[Saved entries]
lemma openin_quotient_contract:
  assumes "openin B V"
  shows "V \<inter> Z = {} \<Longrightarrow> openin (quotient_top B (contract Z)) (Some ` V)"
    and "Z \<subseteq> V \<Longrightarrow> openin (quotient_top B (contract Z)) (insert None (Some ` (V - Z)))"
proof -
  have VB: "V \<subseteq> topspace B"
    using assms by (rule openin_subset)
  show "openin (quotient_top B (contract Z)) (Some ` V)" if "V \<inter> Z = {}"
  proof -
    have "{x \<in> topspace B. contract Z x \<in> Some ` V} = V"
      using VB that by (auto simp: contract_def)
    moreover have "Some ` V \<subseteq> topspace (quotient_top B (contract Z))"
      using VB that by (auto simp: topspace_quotient_contract)
    ultimately show ?thesis
      using assms by (simp add: openin_quotient_top topspace_quotient_top)
  qed
  show "openin (quotient_top B (contract Z)) (insert None (Some ` (V - Z)))" if "Z \<subseteq> V"
  proof -
    have "{x \<in> topspace B. contract Z x \<in> insert None (Some ` (V - Z))} = V"
      using VB that by (auto simp: contract_def)
    moreover have "insert None (Some ` (V - Z)) \<subseteq> topspace (quotient_top B (contract Z))"
      using VB by (auto simp: topspace_quotient_contract)
    ultimately show ?thesis
      using assms by (simp add: openin_quotient_top topspace_quotient_top)
  qed
qed

lemma openin_zeta:
  "openin (zeta X B Z) N \<longleftrightarrow> N \<subseteq> insert None (Some ` topspace X) \<and>
     (\<exists>V. openin B V \<and> (None \<in> N \<longrightarrow> Z \<subseteq> V) \<and> (None \<notin> N \<longrightarrow> V \<inter> Z = {}) \<and>
          topspace X \<inter> Some -` N = V \<inter> topspace X)"
    (is "?lhs \<longleftrightarrow> ?rhs")
proof
  let ?T = "insert None (Some ` topspace X)"
  have XZ: "topspace X \<inter> Z = {}"
    using Z unfolding remainder_compactum_def by blast
  show ?rhs if ?lhs
  proof -
    obtain M where M: "openin (quotient_top B (contract Z)) M" "N = M \<inter> ?T"
      using \<open>?lhs\<close> unfolding zeta_eq_subtopology openin_subtopology by blast
    define V where "V = {x \<in> topspace B. contract Z x \<in> M}"
    have "openin B V"
      using M(1) unfolding V_def openin_quotient_top by blast
    moreover have "(None \<in> N \<longrightarrow> Z \<subseteq> V) \<and> (None \<notin> N \<longrightarrow> V \<inter> Z = {}) \<and>
        topspace X \<inter> Some -` N = V \<inter> topspace X"
      using M(2) XZ Z topspace_X_subset unfolding V_def contract_def remainder_compactum_def by auto
    ultimately show ?rhs
      using M(2) by blast
  qed
  show ?lhs if ?rhs
  proof -
    obtain V where V: "openin B V" "None \<in> N \<longrightarrow> Z \<subseteq> V" "None \<notin> N \<longrightarrow> V \<inter> Z = {}"
        "topspace X \<inter> Some -` N = V \<inter> topspace X"
      using \<open>?rhs\<close> by blast
    define M where "M = (if None \<in> N then insert None (Some ` (V - Z)) else Some ` V)"
    have "openin (quotient_top B (contract Z)) M"
      using V openin_quotient_contract[OF V(1)] unfolding M_def by auto
    moreover have "N = M \<inter> ?T"
    proof (rule set_eqI)
      fix y
      show "y \<in> N \<longleftrightarrow> y \<in> M \<inter> ?T"
        using \<open>?rhs\<close> V(4) XZ unfolding M_def by (cases y) auto
    qed
    ultimately show ?lhs
      unfolding zeta_eq_subtopology openin_subtopology by blast
  qed
qed


lemma openin_zeta_Some:
  assumes "openin B V"
  shows "openin (zeta X B Z) (Some ` (V \<inter> topspace X))"
proof -
  have "openin B (V - Z)"
    using assms remainder_compactum_closedin[OF Z] by (rule openin_diff)
  moreover have "(V - Z) \<inter> topspace X = V \<inter> topspace X"
    using Z unfolding remainder_compactum_def by auto
  moreover have "topspace X \<inter> Some -` Some ` (V \<inter> topspace X) = V \<inter> topspace X"
    by auto
  ultimately show ?thesis
    unfolding openin_zeta by blast
qed

lemma openin_zeta_insert_None:
  assumes "openin B V" "Z \<subseteq> V"
  shows "openin (zeta X B Z) (insert None (Some ` (V \<inter> topspace X)))"
proof -
  have "topspace X \<inter> Some -` insert None (Some ` (V \<inter> topspace X)) = V \<inter> topspace X"
    by auto
  with assms show ?thesis
    unfolding openin_zeta by blast
qed

lemma zeta_neighbourhood_None:
  assumes "openin (zeta X B Z) N" "None \<in> N"
  obtains V where "openin B V" "Z \<subseteq> V" "V \<inter> topspace X \<subseteq> Some -` N"
proof -
  obtain V where "openin B V" "Z \<subseteq> V" "topspace X \<inter> Some -` N = V \<inter> topspace X"
    using assms unfolding openin_zeta by blast
  then show ?thesis
    using that by blast
qed

lemma compact_space_quotient_contract: "compact_space (quotient_top B (contract Z))"
  using image_compactin[OF compact_space_B[unfolded compact_space_def] continuous_map_quotient_top]
  by (simp add: compact_space_def topspace_quotient_top)

lemma Hausdorff_space_quotient_contract: "Hausdorff_space (quotient_top B (contract Z))"
proof -
  let ?Q = "quotient_top B (contract Z)"
  have sep_None: "\<exists>U V. openin ?Q U \<and> openin ?Q V \<and> None \<in> U \<and> Some b \<in> V \<and> disjnt U V"
    if b: "b \<in> topspace B - Z" for b
  proof -
    have "compactin B Z" "compactin B {b}" "disjnt Z {b}"
      using Z b unfolding remainder_compactum_def by auto
    then obtain U W where UW: "openin B U" "openin B W" "Z \<subseteq> U" "{b} \<subseteq> W" "disjnt U W"
      by (rule Hausdorff_space_compact_separation[OF Hausdorff_space_B])
    then have "W \<inter> Z = {}"
      by (auto simp: disjnt_def)
    then have "openin ?Q (insert None (Some ` (U - Z)))" "openin ?Q (Some ` W)"
      using openin_quotient_contract(2)[OF UW(1,3)] openin_quotient_contract(1)[OF UW(2)] by blast+
    moreover have "disjnt (insert None (Some ` (U - Z))) (Some ` W)"
      using UW(5) by (auto simp: disjnt_def)
    ultimately show ?thesis
      using UW(4) by blast
  qed
  have sep_Some: "\<exists>U V. openin ?Q U \<and> openin ?Q V \<and> Some a \<in> U \<and> Some b \<in> V \<and> disjnt U V"
    if ab: "a \<in> topspace B - Z" "b \<in> topspace B - Z" "a \<noteq> b" for a b
  proof -
    obtain U W where UW: "openin B U" "openin B W" "a \<in> U" "b \<in> W" "disjnt U W"
      using Hausdorff_space_B ab unfolding Hausdorff_space_def by (metis Diff_iff)
    have "openin ?Q (Some ` (U - Z))"
      using openin_quotient_contract(1)[OF openin_diff[OF UW(1) remainder_compactum_closedin[OF Z]]]
      by blast
    moreover have "openin ?Q (Some ` (W - Z))"
      using openin_quotient_contract(1)[OF openin_diff[OF UW(2) remainder_compactum_closedin[OF Z]]]
      by blast
    moreover have "disjnt (Some ` (U - Z)) (Some ` (W - Z))"
      using UW(5) by (auto simp: disjnt_def)
    moreover have "Some a \<in> Some ` (U - Z)" "Some b \<in> Some ` (W - Z)"
      using UW ab by auto
    ultimately show ?thesis
      by blast
  qed
  show ?thesis
    unfolding Hausdorff_space_def topspace_quotient_contract
  proof (intro allI impI, elim conjE)
    fix x y assume x: "x \<in> insert None (Some ` (topspace B - Z))"
      and y: "y \<in> insert None (Some ` (topspace B - Z))" and "x \<noteq> y"
    show "\<exists>U V. openin ?Q U \<and> openin ?Q V \<and> x \<in> U \<and> y \<in> V \<and> disjnt U V"
    proof (cases x)
      case None
      with y \<open>x \<noteq> y\<close> obtain b where "y = Some b" "b \<in> topspace B - Z"
        by auto
      with None show ?thesis
        using sep_None by blast
    next
      case (Some a)
      show ?thesis
      proof (cases y)
        case None
        from x Some have "a \<in> topspace B - Z"
          by auto
        then obtain U V where "openin ?Q U" "openin ?Q V" "None \<in> U" "Some a \<in> V" "disjnt U V"
          using sep_None by blast
        with None Some show ?thesis
          using disjnt_sym by blast
      next
        case (Some b)
        with x y \<open>x = Some a\<close> \<open>x \<noteq> y\<close> have "a \<in> topspace B - Z" "b \<in> topspace B - Z" "a \<noteq> b"
          by auto
        with sep_Some \<open>x = Some a\<close> Some show ?thesis
          by blast
      qed
    qed
  qed
qed

lemma completely_regular_space_zeta: "completely_regular_space (zeta X B Z)"
proof -
  have "normal_space (quotient_top B (contract Z))"
    using compact_Hausdorff_or_regular_imp_normal_space compact_space_quotient_contract
      Hausdorff_space_quotient_contract by blast
  then have "completely_regular_space (quotient_top B (contract Z))"
    using Hausdorff_space_quotient_contract Hausdorff_imp_t1_space normal_imp_completely_regular_space_A
    by blast
  then show ?thesis
    unfolding zeta_eq_subtopology by (rule completely_regular_space_subtopology)
qed

lemma t1_space_zeta: "t1_space (zeta X B Z)"
  unfolding zeta_eq_subtopology
  using Hausdorff_space_quotient_contract Hausdorff_space_subtopology Hausdorff_imp_t1_space by blast

lemma homeomorphic_map_zeta: "homeomorphic_map X (subtopology (zeta X B Z) (Some ` topspace X)) Some"
proof (rule homeomorphic_map_SomeI)
  show "topspace (subtopology (zeta X B Z) (Some ` topspace X)) = Some ` topspace X"
    using topspace_zeta by auto
  fix N
  show "openin (subtopology (zeta X B Z) (Some ` topspace X)) N \<longleftrightarrow>
        N \<subseteq> Some ` topspace X \<and> openin X (topspace X \<inter> Some -` N)"
  proof
    assume "openin (subtopology (zeta X B Z) (Some ` topspace X)) N"
    then obtain N' where N': "openin (zeta X B Z) N'" "N = N' \<inter> Some ` topspace X"
      unfolding openin_subtopology by blast
    then obtain V where "openin B V" "topspace X \<inter> Some -` N' = V \<inter> topspace X"
      unfolding openin_zeta by blast
    moreover have "topspace X \<inter> Some -` N = topspace X \<inter> Some -` N'"
      using N'(2) by auto
    ultimately show "N \<subseteq> Some ` topspace X \<and> openin X (topspace X \<inter> Some -` N)"
      using N'(2) openin_X_iff by auto
  next
    assume N: "N \<subseteq> Some ` topspace X \<and> openin X (topspace X \<inter> Some -` N)"
    then obtain V where V: "openin B V" "topspace X \<inter> Some -` N = V \<inter> topspace X"
      using openin_X_iff by blast
    have "N = Some ` (V \<inter> topspace X)"
      using N V(2) by blast
    moreover have "openin (subtopology (zeta X B Z) (Some ` topspace X))
        (Some ` (V \<inter> topspace X) \<inter> Some ` topspace X)"
      using openin_zeta_Some[OF V(1)] by (rule openin_subtopology_Int)
    ultimately show "openin (subtopology (zeta X B Z) (Some ` topspace X)) N"
      by (simp add: Int_absorb2 image_mono)
  qed
qed

lemma None_in_closure_of_zeta:
  assumes "C \<subseteq> topspace X" "Z \<inter> B closure_of C \<noteq> {}"
  shows "None \<in> zeta X B Z closure_of (Some ` C)"
  unfolding in_closure_of
proof (intro conjI allI impI)
  show "None \<in> topspace (zeta X B Z)"
    by (simp add: topspace_zeta)
  fix N assume "None \<in> N \<and> openin (zeta X B Z) N"
  then obtain V where V: "openin B V" "Z \<subseteq> V" "V \<inter> topspace X \<subseteq> Some -` N"
    using zeta_neighbourhood_None by blast
  obtain b where "b \<in> Z" "b \<in> B closure_of C"
    using assms(2) by blast
  then obtain x where "x \<in> C" "x \<in> V"
    using V(1,2) unfolding in_closure_of by blast
  then show "\<exists>y. y \<in> Some ` C \<and> y \<in> N"
    using V(3) assms(1) by blast
qed

lemma topspace_X_nonempty: "topspace X \<noteq> {}"
  using Z closure_of_topspace_X unfolding remainder_compactum_def by auto

lemma closure_of_zeta_dense: "zeta X B Z closure_of (Some ` topspace X) = topspace (zeta X B Z)"
proof -
  have "Z \<inter> B closure_of topspace X \<noteq> {}"
    using Z closure_of_topspace_X unfolding remainder_compactum_def by auto
  then have "None \<in> zeta X B Z closure_of (Some ` topspace X)"
    by (rule None_in_closure_of_zeta[OF order_refl])
  moreover have "Some ` topspace X \<subseteq> zeta X B Z closure_of (Some ` topspace X)"
    by (rule closure_of_subset) (simp add: topspace_zeta subset_insertI)
  ultimately have "topspace (zeta X B Z) \<subseteq> zeta X B Z closure_of (Some ` topspace X)"
    by (simp add: topspace_zeta)
  then show ?thesis
    by (rule subset_antisym[OF closure_of_subset_topspace])
qed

▶ _What the task requires_
Check every line above for the word "shows" and copy those that have it.

▶ _Output of the task_
  shows "V \<inter> Z = {} \<Longrightarrow> openin (quotient_top B (contract Z)) (Some ` V)"
  shows "openin (zeta X B Z) (Some ` (V \<inter> topspace X))"
  shows "openin (zeta X B Z) (insert None (Some ` (V \<inter> topspace X)))"
  shows "None \<in> zeta X B Z closure_of (Some ` C)"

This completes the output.